(Items from a data source)

• • • • • • •

text \<open>The integrand vanishes below a = max 1 (1 / x), and -(ln (x u) + 1) / u is a primitive.\<close>
lemma nn_integral_ln_pos_div_square:
  fixes x :: real
  assumes x: "x > 0"
  shows "(\<integral>\<^sup>+ u \<in> {1..}. ennreal (max 0 (ln (x * u)) / u\<^sup>2) \<partial>lborel)
          = ennreal (max 0 (ln x) + min 1 x)"
proof -
  define a where "a = max 1 (1 / x)"
  define F where "F u = - (ln (x * u) + 1) / u" for u
  have a: "a \<ge> 1" "\<And>u. a \<le> u \<longleftrightarrow> 1 \<le> u \<and> 1 \<le> x * u"
    using x unfolding a_def by (auto simp: field_simps)
  have "ennreal (max 0 (ln (x * u)) / u\<^sup>2) * indicator {1..} u
      = ennreal (ln (x * u) / u\<^sup>2) * indicator {a..} u" for u
    using x a(2)[of u] by (cases "1 \<le> u"; cases "1 \<le> x * u") (auto simp: indicator_def)
  then have "(\<integral>\<^sup>+ u \<in> {1..}. ennreal (max 0 (ln (x * u)) / u\<^sup>2) \<partial>lborel)
      = (\<integral>\<^sup>+ u. ennreal (ln (x * u) / u\<^sup>2) * indicator {a..} u \<partial>lborel)"
    by simp
  also have "\<dots> = ennreal (0 - F a)"
  proof (rule nn_integral_FTC_atLeast)
    show "(\<lambda>u. ln (x * u) / u\<^sup>2) \<in> borel_measurable borel" by measurable
    fix u assume u: "a \<le> u"
    then show "0 \<le> ln (x * u) / u\<^sup>2" using a(2) by simp
    have "((\<lambda>u. - (ln (x * u) + 1) / u) has_real_derivative
        (- (x * 1 / (x * u) + 0) * u - (- (ln (x * u) + 1)) * 1) / (u * u)) (at u)"
      using u a(1) x by (intro derivative_eq_intros) auto
    then show "(F has_real_derivative ln (x * u) / u\<^sup>2) (at u)"
      using u a(1) x unfolding F_def by (simp add: field_simps power2_eq_square)
  next
    have "((\<lambda>u. - (ln u / u) - (ln x + 1) * inverse u) \<longlongrightarrow> - 0 - (ln x + 1) * 0) at_top"
      by (intro tendsto_intros ln_x_over_x_tendsto_0 tendsto_inverse_0_at_top filterlim_ident)
    moreover have "eventually (\<lambda>u. - (ln u / u) - (ln x + 1) * inverse u = F u) at_top"
      using eventually_gt_at_top[of 0]
      by eventually_elim (use x in \<open>simp add: F_def ln_mult field_simps\<close>)
    ultimately show "(F \<longlongrightarrow> 0) at_top" by (simp add: Lim_transform_eventually)
  qed
  also have "0 - F a = max 0 (ln x) + min 1 x"
    using x unfolding a_def F_def by (cases "1 \<le> x") (auto simp: max_def min_def field_simps)
  finally show ?thesis .
qed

• • • • • • •

=== ACTIVITY ===
Which of the lines in the data contain the string "where"? Return each one.

=== YOUR SOLUTION ===
  define a where "a = max 1 (1 / x)"
  define F where "F u = - (ln (x * u) + 1) / u" for u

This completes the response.